All this going down while he’s supposed to be bringing in the killers.
So what happens? I’m not going to spoil it… any further. [I really have only given the reader some pieces of behavior that indicate the theme of the movie. Hardly spoiling the plot.] You get the picture from the beginning that the film is dark, yet it weaves a constant thread black humor along with the darkness. And it isn’t unbearably so, because you see this marvelous character drama affecting Terence and his girlfriend: there’s some sympathy because deep down they are entirely decent even wonderful persons. Will they get through this mess? The writer is smart enough to give at least a sense of hope. By the way, Nicolas Cage won Best Actor from the Toronto Film Critics Association for this role. Fitting. And you’ll want to see the movie through to the end.

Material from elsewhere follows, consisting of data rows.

lemma feasible_of_solution:
  fixes F :: "real ^ 'n::finite" and G :: "nat \<Rightarrow> real ^ 'n"
  assumes "\<forall>k'. F $ k' \<in> FF k'" "\<forall>p\<in>{1..d}. \<forall>k'. G p $ k' \<in> GG p k'"
    and "xd = F + (\<Sum>p\<in>{1..d}. monom u (\<alpha> p) *\<^sub>R G p)"
  shows "feasible FF GG xd u \<alpha> d k (F $ k) (\<lambda>l. G l $ k)"
  using assms unfolding feasible_def tail_sum_def by simp

text \<open>A componentwise feasible point is completed to a full solution by the other
  components of a given solution.\<close>

lemma solution_components_eq:
  fixes F' :: "real ^ 'n::finite" and G' :: "nat \<Rightarrow> real ^ 'n"
  assumes sol: "\<forall>k'. F' $ k' \<in> FF k'" "\<forall>p\<in>{1..d}. \<forall>k'. G' p $ k' \<in> GG p k'"
    "xd = F' + (\<Sum>p\<in>{1..d}. monom u (\<alpha> p) *\<^sub>R G' p)"
  shows "{\<Phi> (F $ k) (\<lambda>l. G l $ k) | F G. (\<forall>k'. F $ k' \<in> FF k')
            \<and> (\<forall>p\<in>{1..d}. \<forall>k'. G p $ k' \<in> GG p k')
            \<and> xd = F + (\<Sum>p\<in>{1..d}. monom u (\<alpha> p) *\<^sub>R G p)}
       = {\<Phi> F0 h | F0 h. feasible FF GG xd u \<alpha> d k F0 h}"
proof (intro set_eqI iffI)
  fix z assume "z \<in> {\<Phi> F0 h | F0 h. feasible FF GG xd u \<alpha> d k F0 h}"
  then obtain F0 h where feas: "feasible FF GG xd u \<alpha> d k F0 h" and z: "z = \<Phi> F0 h" by blast
  define F where "F = (\<chi> k'. if k' = k then F0 else F' $ k')"
  define G where "G = (\<lambda>l. \<chi> k'. if k' = k then h l else G' l $ k')"
  have "xd = F + (\<Sum>p\<in>{1..d}. monom u (\<alpha> p) *\<^sub>R G p)"
    using feas sol(3) unfolding feasible_def tail_sum_def F_def G_def by (auto simp: vec_eq_iff)
  moreover have "\<forall>k'. F $ k' \<in> FF k'" "\<forall>p\<in>{1..d}. \<forall>k'. G p $ k' \<in> GG p k'"
    using feas sol(1,2) unfolding feasible_def F_def G_def by auto
  moreover have "z = \<Phi> (F $ k) (\<lambda>l. G l $ k)" unfolding z F_def G_def by simp
  ultimately show "z \<in> {\<Phi> (F $ k) (\<lambda>l. G l $ k) | F G. (\<forall>k'. F $ k' \<in> FF k')
            \<and> (\<forall>p\<in>{1..d}. \<forall>k'. G p $ k' \<in> GG p k')
            \<and> xd = F + (\<Sum>p\<in>{1..d}. monom u (\<alpha> p) *\<^sub>R G p)}" by blast
qed (use feasible_of_solution in blast)

theorem lemma2:
  fixes f :: "real ^ ('n::finite) \<Rightarrow> real ^ 'n"
    and g :: "nat \<Rightarrow> real ^ ('n::finite) \<Rightarrow> real ^ 'n"
    and alpha :: "nat \<Rightarrow> ('m::finite) \<Rightarrow> nat"
    and x xd :: "real ^ 'n"
    and u :: "real ^ 'm"
    and d :: nat
    and FF :: "'n \<Rightarrow> real set"
    and GG :: "nat \<Rightarrow> 'n \<Rightarrow> real set"
  assumes data: "xd = f x + (\<Sum>p\<in>{1..d}. monom u (alpha p) *\<^sub>R g p x)"
    and FF_int: "\<forall>k. is_cinterval (FF k)"
    and f_in: "\<forall>k. f x $ k \<in> FF k"
    and GG_int: "\<forall>p\<in>{1..d}. \<forall>k. is_cinterval (GG p k)"
    and g_in: "\<forall>p\<in>{1..d}. \<forall>k. g p x $ k \<in> GG p k"
  shows "(\<forall>k. CF FF GG xd u alpha d k =
            {F $ k | F G. (\<forall>k'. F $ k' \<in> FF k') \<and> (\<forall>p\<in>{1..d}. \<forall>k'. G p $ k' \<in> GG p k')
                          \<and> xd = F + (\<Sum>p\<in>{1..d}. monom u (alpha p) *\<^sub>R G p)})
       \<and> (\<forall>p\<in>{1..d}. \<forall>k. CG FF GG xd u alpha d p k =
            {G p $ k | F G. (\<forall>k'. F $ k' \<in> FF k') \<and> (\<forall>q\<in>{1..d}. \<forall>k'. G q $ k' \<in> GG q k')
                          \<and> xd = F + (\<Sum>q\<in>{1..d}. monom u (alpha q) *\<^sub>R G q)})"
proof (intro conjI allI ballI)
  note components = solution_components_eq[OF f_in g_in data]
  have feas: "feasible FF GG xd u alpha d k (f x $ k) (\<lambda>l. g l x $ k)" for k
    using feasible_of_solution[OF f_in g_in data] .
  show "CF FF GG xd u alpha d k =
          {F $ k | F G. (\<forall>k'. F $ k' \<in> FF k') \<and> (\<forall>p\<in>{1..d}. \<forall>k'. G p $ k' \<in> GG p k')
                        \<and> xd = F + (\<Sum>p\<in>{1..d}. monom u (alpha p) *\<^sub>R G p)}" for k
    using components[of "\<lambda>F0 h. F0" k] by (simp add: CF_eq)
  show "CG FF GG xd u alpha d p k =
          {G p $ k | F G. (\<forall>k'. F $ k' \<in> FF k') \<and> (\<forall>q\<in>{1..d}. \<forall>k'. G q $ k' \<in> GG q k')
                        \<and> xd = F + (\<Sum>q\<in>{1..d}. monom u (alpha q) *\<^sub>R G q)}"
    if "p \<in> {1..d}" for p k
    using components[of "\<lambda>F0 h. h p" k] by (simp add: CG_eq[OF feas that])
qed

end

I’m going to end with this observation: Bad Lieutenant is probably the best movie I’ve ever seen that shows so dramatically that the root of virtually all major social problems—real crime, poverty, corruption, destruction of children—especially in the American cities is DRUG PROHIBITION.
So it’s a valuable movie didactically. And though often grim, enjoyable.
 I’m resisting the normal practice of referring to the millions of capital crimes each year as “drug-related,” because in fact they have nothing to do with drugs as such. (When a free market exists in drugs—or even a reasonably regulated market—such substances decline in price to a point they attract no criminal monopolies maintained by force. People don’t shoot one another in the beer business.) These crimes have everything to do with legal banishment of drugs: i.e. drug prohibition. Drugs are not a serious social evil. Drug prohibition is.